===== Records for processing

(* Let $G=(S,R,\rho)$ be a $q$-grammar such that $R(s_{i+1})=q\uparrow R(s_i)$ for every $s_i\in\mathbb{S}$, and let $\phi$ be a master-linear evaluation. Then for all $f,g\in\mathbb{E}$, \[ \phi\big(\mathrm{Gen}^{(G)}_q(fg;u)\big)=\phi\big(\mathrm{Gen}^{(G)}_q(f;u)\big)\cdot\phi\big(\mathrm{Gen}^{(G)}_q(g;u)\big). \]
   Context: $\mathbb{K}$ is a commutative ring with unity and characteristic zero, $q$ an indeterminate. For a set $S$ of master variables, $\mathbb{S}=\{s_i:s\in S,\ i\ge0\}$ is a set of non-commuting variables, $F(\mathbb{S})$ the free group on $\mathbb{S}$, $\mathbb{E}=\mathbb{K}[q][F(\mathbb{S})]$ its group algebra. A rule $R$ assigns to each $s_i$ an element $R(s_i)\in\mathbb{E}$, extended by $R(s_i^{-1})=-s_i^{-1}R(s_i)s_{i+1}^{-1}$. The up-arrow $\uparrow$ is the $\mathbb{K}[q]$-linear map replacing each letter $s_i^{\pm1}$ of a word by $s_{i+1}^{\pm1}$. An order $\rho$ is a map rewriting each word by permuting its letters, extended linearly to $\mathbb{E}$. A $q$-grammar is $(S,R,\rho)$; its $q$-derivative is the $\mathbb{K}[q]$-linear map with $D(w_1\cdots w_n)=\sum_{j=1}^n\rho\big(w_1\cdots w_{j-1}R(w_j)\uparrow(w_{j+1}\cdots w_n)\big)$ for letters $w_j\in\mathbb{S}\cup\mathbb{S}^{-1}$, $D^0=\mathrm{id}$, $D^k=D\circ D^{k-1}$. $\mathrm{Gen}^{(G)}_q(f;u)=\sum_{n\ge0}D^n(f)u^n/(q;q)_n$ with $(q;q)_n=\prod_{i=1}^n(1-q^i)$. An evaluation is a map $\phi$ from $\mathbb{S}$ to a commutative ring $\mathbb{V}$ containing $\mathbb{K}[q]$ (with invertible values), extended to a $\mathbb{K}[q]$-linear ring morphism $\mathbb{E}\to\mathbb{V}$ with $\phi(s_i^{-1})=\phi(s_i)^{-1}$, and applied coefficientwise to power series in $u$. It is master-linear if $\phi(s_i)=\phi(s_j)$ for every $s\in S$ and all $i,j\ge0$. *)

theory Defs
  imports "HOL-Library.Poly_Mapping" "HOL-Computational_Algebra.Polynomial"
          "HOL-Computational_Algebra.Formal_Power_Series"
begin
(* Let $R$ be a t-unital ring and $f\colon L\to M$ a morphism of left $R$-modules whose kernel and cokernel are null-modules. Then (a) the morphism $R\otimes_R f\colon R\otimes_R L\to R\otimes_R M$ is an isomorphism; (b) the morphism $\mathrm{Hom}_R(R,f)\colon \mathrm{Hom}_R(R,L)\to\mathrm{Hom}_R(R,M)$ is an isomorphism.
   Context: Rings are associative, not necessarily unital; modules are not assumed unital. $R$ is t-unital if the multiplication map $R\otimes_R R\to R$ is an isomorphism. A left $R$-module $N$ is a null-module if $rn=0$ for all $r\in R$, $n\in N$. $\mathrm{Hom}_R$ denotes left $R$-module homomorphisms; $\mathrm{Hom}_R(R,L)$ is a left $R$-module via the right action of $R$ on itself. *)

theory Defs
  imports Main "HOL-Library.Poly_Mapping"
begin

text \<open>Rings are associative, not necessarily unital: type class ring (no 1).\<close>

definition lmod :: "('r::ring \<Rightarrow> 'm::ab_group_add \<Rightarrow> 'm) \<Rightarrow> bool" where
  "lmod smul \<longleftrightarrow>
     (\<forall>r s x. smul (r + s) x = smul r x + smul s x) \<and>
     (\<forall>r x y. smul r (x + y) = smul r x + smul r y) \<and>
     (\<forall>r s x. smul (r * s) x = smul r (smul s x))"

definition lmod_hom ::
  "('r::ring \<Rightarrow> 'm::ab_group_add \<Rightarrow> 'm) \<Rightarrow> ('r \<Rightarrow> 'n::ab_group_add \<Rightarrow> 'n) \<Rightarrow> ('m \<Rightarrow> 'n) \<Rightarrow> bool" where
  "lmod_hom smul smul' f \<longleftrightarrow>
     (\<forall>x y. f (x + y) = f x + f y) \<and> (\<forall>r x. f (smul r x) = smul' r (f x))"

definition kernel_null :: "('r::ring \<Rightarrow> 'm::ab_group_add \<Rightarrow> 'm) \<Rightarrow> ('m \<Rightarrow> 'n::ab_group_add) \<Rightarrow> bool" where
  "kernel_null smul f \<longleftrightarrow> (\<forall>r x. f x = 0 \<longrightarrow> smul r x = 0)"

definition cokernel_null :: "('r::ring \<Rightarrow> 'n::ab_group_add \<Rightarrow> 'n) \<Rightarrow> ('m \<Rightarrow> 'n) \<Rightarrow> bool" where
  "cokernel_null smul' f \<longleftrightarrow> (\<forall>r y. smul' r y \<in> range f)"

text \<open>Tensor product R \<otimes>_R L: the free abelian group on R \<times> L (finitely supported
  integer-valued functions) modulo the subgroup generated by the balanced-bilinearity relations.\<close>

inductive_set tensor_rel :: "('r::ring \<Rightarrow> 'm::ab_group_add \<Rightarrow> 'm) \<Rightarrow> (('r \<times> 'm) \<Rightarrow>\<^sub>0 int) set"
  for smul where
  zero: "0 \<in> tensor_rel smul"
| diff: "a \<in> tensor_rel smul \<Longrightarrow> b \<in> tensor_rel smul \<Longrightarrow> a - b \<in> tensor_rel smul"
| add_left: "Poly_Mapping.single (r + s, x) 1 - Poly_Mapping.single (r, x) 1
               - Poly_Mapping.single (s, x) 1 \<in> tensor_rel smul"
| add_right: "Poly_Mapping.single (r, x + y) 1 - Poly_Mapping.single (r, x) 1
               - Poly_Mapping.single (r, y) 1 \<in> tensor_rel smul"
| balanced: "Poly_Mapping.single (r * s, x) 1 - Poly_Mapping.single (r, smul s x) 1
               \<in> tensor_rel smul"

==========
===== Records for processing

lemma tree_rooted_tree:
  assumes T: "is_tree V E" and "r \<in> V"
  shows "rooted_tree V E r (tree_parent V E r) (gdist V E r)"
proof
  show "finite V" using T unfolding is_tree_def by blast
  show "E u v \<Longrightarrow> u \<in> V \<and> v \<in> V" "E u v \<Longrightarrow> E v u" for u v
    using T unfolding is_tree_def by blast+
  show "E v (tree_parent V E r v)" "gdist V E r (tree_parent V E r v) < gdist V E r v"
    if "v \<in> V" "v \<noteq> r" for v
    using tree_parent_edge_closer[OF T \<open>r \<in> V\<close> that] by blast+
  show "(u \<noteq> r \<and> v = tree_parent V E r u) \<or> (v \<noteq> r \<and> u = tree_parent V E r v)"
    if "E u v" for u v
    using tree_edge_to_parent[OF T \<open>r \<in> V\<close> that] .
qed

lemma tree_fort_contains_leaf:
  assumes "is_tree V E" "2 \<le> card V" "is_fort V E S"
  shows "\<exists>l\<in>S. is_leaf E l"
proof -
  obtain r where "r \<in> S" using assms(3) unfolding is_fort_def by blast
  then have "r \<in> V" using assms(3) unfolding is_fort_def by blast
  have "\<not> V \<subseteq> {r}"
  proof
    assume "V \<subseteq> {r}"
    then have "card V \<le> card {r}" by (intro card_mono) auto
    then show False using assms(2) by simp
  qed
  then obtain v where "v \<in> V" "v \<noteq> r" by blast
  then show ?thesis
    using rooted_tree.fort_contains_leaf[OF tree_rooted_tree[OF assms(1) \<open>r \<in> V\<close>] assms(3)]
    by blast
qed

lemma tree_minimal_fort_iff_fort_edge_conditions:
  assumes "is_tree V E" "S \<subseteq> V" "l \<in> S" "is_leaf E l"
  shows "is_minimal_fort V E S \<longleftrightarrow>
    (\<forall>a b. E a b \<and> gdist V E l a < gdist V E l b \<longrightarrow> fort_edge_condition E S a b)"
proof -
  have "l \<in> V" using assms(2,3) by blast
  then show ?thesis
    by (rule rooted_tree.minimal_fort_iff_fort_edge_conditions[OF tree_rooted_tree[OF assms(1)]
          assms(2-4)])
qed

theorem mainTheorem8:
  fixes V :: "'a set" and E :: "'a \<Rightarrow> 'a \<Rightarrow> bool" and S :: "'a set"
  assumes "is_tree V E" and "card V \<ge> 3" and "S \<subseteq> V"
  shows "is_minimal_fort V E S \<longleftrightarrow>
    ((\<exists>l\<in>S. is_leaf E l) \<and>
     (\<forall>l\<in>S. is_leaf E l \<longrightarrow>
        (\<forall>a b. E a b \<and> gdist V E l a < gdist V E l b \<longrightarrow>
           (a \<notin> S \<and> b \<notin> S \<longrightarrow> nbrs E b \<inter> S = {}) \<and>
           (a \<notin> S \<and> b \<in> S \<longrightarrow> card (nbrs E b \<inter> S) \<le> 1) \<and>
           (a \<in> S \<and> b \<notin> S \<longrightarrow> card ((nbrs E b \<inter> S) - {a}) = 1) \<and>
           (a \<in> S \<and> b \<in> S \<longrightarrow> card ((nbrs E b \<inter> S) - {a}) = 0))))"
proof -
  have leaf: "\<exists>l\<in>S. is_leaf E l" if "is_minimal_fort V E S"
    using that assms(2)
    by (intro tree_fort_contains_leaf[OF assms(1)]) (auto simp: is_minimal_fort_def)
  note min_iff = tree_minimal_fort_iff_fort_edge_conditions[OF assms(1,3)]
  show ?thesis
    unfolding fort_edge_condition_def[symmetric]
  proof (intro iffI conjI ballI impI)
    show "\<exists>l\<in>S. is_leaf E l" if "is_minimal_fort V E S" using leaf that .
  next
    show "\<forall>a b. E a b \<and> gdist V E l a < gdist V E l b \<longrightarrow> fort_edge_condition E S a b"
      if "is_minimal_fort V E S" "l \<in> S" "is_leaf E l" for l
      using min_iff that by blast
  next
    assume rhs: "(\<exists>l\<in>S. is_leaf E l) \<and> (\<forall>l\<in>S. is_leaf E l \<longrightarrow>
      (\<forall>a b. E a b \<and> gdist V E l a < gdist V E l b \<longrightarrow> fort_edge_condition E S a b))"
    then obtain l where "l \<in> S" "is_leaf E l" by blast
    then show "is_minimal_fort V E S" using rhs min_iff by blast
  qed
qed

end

==========
===== Records for processing

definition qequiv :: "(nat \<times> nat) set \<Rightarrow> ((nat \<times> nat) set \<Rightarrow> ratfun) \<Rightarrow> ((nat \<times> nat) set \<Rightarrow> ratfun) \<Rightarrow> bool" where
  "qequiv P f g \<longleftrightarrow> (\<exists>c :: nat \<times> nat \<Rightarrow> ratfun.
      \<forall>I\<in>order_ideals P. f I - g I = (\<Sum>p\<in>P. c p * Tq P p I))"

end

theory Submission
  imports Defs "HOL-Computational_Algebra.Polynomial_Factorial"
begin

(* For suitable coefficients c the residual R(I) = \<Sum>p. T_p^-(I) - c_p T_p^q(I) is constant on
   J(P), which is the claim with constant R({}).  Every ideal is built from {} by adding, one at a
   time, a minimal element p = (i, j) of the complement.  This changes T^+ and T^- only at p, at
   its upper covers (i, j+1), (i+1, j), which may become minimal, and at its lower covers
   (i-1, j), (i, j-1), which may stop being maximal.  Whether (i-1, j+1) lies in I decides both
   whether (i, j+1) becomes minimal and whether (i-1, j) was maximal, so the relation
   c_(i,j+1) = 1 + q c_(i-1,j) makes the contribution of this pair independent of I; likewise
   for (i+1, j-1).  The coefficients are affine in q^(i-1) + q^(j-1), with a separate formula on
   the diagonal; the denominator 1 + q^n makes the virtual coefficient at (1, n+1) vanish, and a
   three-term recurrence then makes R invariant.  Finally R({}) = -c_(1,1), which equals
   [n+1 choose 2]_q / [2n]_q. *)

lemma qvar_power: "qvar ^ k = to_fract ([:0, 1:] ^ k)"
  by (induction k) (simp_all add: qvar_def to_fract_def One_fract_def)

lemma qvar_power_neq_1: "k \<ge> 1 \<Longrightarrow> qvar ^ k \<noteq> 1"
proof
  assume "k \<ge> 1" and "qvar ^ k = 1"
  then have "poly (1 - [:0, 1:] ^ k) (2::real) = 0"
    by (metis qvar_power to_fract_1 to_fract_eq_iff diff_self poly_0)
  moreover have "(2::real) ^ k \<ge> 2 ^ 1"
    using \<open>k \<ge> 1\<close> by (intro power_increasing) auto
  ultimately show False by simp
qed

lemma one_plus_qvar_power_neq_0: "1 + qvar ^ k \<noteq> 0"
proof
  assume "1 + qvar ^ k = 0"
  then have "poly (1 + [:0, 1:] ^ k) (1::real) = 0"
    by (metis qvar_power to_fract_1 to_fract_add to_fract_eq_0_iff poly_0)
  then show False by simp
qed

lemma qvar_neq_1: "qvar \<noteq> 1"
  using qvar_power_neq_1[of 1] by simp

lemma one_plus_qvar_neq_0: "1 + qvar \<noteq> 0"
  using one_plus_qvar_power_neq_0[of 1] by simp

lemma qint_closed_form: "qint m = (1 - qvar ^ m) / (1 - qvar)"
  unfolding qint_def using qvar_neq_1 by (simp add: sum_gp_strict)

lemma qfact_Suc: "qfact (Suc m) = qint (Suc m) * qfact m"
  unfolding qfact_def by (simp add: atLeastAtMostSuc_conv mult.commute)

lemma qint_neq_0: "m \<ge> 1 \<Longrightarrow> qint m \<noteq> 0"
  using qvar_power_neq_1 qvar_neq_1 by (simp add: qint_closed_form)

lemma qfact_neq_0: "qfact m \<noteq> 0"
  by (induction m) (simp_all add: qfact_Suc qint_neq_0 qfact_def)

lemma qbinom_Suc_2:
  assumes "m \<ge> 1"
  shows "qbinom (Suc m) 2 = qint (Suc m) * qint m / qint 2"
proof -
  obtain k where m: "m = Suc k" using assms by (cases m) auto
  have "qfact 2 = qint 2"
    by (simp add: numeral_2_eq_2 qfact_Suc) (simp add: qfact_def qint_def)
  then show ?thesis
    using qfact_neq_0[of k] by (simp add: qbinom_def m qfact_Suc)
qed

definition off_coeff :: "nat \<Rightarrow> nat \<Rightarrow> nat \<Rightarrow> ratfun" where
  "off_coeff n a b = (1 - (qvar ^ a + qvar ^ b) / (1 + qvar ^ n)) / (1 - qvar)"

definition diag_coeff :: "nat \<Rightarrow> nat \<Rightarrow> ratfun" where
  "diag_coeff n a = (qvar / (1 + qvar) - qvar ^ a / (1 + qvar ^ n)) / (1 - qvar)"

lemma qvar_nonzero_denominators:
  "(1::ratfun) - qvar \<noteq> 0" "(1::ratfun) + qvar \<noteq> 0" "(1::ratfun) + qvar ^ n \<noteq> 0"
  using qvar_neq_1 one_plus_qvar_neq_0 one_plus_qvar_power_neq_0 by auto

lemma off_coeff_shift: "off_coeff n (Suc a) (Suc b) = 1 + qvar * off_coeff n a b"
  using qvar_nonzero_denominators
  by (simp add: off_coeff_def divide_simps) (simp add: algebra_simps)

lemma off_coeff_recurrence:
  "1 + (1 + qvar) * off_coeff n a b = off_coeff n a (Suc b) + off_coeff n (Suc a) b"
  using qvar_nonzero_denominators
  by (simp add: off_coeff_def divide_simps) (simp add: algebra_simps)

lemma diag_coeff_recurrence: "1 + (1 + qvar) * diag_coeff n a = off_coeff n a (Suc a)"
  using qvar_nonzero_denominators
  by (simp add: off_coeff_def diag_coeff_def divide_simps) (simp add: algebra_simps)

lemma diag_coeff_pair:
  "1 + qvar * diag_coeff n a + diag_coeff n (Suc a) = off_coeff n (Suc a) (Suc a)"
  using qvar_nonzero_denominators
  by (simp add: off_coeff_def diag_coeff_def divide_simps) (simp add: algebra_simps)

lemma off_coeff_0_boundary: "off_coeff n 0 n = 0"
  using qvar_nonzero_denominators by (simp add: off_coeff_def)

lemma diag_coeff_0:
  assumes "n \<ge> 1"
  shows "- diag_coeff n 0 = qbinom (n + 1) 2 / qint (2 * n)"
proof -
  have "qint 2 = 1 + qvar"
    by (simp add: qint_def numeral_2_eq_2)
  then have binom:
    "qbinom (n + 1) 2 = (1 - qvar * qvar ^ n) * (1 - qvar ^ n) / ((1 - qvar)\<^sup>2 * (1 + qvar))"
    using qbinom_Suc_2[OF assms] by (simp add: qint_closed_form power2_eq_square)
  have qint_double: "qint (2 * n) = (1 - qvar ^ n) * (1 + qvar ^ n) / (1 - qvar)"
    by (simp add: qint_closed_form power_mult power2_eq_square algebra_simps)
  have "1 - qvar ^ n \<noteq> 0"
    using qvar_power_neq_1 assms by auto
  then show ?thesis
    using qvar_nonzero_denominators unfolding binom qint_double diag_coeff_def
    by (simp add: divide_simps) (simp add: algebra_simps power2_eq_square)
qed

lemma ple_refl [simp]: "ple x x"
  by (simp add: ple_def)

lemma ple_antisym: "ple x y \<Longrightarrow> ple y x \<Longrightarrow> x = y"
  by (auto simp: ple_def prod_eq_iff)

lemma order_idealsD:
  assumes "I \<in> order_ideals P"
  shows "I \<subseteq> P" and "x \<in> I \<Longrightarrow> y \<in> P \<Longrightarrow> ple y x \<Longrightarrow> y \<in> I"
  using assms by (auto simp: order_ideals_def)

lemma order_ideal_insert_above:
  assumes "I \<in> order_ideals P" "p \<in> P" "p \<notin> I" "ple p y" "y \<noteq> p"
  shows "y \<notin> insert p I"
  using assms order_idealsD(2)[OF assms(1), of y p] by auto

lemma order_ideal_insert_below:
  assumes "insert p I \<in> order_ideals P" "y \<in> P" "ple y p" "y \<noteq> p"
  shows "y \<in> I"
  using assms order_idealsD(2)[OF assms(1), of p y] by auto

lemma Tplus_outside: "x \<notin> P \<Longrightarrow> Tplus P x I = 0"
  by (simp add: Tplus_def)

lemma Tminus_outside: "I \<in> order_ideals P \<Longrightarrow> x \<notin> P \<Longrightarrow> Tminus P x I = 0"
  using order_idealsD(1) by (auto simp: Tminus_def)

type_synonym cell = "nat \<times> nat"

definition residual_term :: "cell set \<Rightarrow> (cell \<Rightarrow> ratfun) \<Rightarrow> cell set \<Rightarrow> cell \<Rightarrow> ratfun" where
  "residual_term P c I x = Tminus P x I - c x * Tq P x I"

==========

• _What is expected_:
For every line in the listing above that mentions the word "auto", make a copy.

• _Answer_:
    then have "card V \<le> card {r}" by (intro card_mono) auto
    by (intro tree_fort_contains_leaf[OF assms(1)]) (auto simp: is_minimal_fort_def)
    using \<open>k \<ge> 1\<close> by (intro power_increasing) auto
  obtain k where m: "m = Suc k" using assms by (cases m) auto
  using qvar_neq_1 one_plus_qvar_neq_0 one_plus_qvar_power_neq_0 by auto
    using qvar_power_neq_1 assms by auto
  by (auto simp: ple_def prod_eq_iff)
  using assms by (auto simp: order_ideals_def)
  using assms order_idealsD(2)[OF assms(1), of y p] by auto
  using assms order_idealsD(2)[OF assms(1), of p y] by auto
  using order_idealsD(1) by (auto simp: Tminus_def)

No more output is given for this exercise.